Direct answer

What Is a Carbon Border Adjustment?

A carbon border adjustment levies a charge on imports to reflect their embedded carbon content, but quantitative evidence shows this instrument is far weaker than commonly assumed when layered onto existing tariff distortions.

carbon border adjustmentCBAMborder carbon taxtrade and climate

A carbon border adjustment, sometimes called a CBAM or border carbon tax, imposes a charge on imported goods proportional to their embedded carbon content. The policy has two stated aims: prevent carbon leakage (the relocation of emissions-intensive production to jurisdictions without carbon pricing) and level the competitive playing field for domestic firms that face a carbon price.

The logic and its limits

The textbook case for border carbon adjustments is straightforward. If country A prices carbon domestically at $50 per ton, its steel producers face higher costs than competitors in country B, which has no carbon price. A border adjustment charges B's steel an equivalent levy at A's border, eliminating the cost asymmetry. Leakage falls, and A's carbon price can bite without destroying its trade-exposed industries.

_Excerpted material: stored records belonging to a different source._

(* Let $F$ be the elementary cellular automaton with rule number 184. Then $D(\textsc{Pred}_{F,n})=\Theta(\log n)$: there is a protocol using $O(\log n)$ bits, and no protocol uses asymptotically fewer.
   Context: An elementary cellular automaton (ECA) with rule number $N\in\{0,\dots,255\}$ is the map $F:\{0,1\}^{\mathbb Z}\to\{0,1\}^{\mathbb Z}$ given by $F(x)_i=f(x_{i-1},x_i,x_{i+1})$. Here the local rule $f:\{0,1\}^3\to\{0,1\}$ is determined by $N=\sum_{a,b,c\in\{0,1\}}2^{4a+2b+c}f(a,b,c)$. On a finite word of length $m\ge 3$, $F$ produces the word of length $m-2$ obtained by applying $f$ at every position whose full neighbourhood lies in the word. For $n\ge1$, $\textsc{Pred}_{F,n}:\{0,1\}^{2n+1}\to\{0,1\}$ maps a word $x=x_{-n}\cdots x_n$ to the single letter of $F^n(x)$, i.e. the state of the central cell after $n$ steps. For a function $g:X\times Y\to Z$, $D(g)$ is the minimal depth of a deterministic two-party protocol computing $g$. In such a protocol, Alice knows $x$ and Bob knows $y$. The protocol is a binary tree: each internal node is labelled by a function of Alice's input only or of Bob's input only, with values in $\{\text{left},\text{right}\}$, and each leaf is labelled by an output value. For $g:\{0,1\}^m\to Z$, set $D(g)=\max_{0\le i<m}D(g_i)$, where $g_i:\{0,1\}^i\times\{0,1\}^{m-i}\to Z$ is $g_i(x,y)=g(xy)$. *)

theory Defs
  imports Complex_Main "HOL-Library.Landau_Symbols"
begin

text \<open>Words over {0,1} are represented as lists of booleans (True = 1).
  Local rule of ECA number N: f(a,b,c) is bit number 4a+2b+c of N.\<close>

definition eca_local :: "nat \<Rightarrow> bool \<Rightarrow> bool \<Rightarrow> bool \<Rightarrow> bool" where
  "eca_local N a b c = odd (N div 2 ^ (4 * of_bool a + 2 * of_bool b + of_bool c))"

definition eca_step :: "nat \<Rightarrow> bool list \<Rightarrow> bool list" where
  "eca_step N w = map (\<lambda>i. eca_local N (w ! i) (w ! (i+1)) (w ! (i+2))) [0..<length w - 2]"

The difficulty is that real-world tariffs are not zero, and they are not set to correct externalities. Farrokhi and Lashkaripour (2025) quantify the gap between the textbook and reality. In their calibrated model with 64 countries, 40 sectors, and full input-output linkages, carbon border taxes layered onto existing tariff structures deliver 3.4 percent of the globally optimal carbon reduction. The number is not a rounding error in the model; it reflects the structural problem of adding a second-best correction on top of a first-best-incompatible base.

Why the number is so low

Three forces drive the result. First, existing tariffs already distort trade patterns, so the carbon adjustment does not operate on a clean margin. Second, input-output linkages mean that a border tax on final goods misses the carbon embedded in intermediate inputs, which often cross borders multiple times. Third, without a participation constraint, countries that do not impose carbon pricing face no penalty beyond the border charge itself, which is a price adjustment, not an enforcement mechanism.

What works better

The same paper shows that climate clubs, coalitions that condition full market access on adoption of a common carbon price, achieve 33 to 68 percent of the optimal reduction. The difference is categorical: the club solves the participation problem that border adjustments leave untouched. Separately, Farrokhi, Lashkaripour, and Taheri (2025) demonstrate that embedding carbon-pricing commitments in trade agreements, paired with revenue redistribution through a Global Climate Fund, can sustain a carbon price near $119 per ton and halve global emissions. Border adjustments may be part of that architecture, but they cannot substitute for it.

Related papers

Can Trade Policy Mitigate Climate Change?

This paper asks whether trade policy can solve free-riding in climate cooperation. It shows that ordinary border taxes do little on their own, while climate-club style penalties can deliver much larger emissions cuts.

Related topics

Key questions

Can border adjustments solve climate coordination on their own?

The quantitative evidence says no. Farrokhi and Lashkaripour (2025) find that carbon border taxes, applied on top of existing tariff structures across 64 countries and 40 sectors, deliver only 3.4 percent of the globally optimal carbon reduction. The existing tariff distortions absorb most of the corrective effect. Achieving meaningful reductions requires either coordinated club-style enforcement or embedding climate obligations directly in trade agreements with redistribution mechanisms.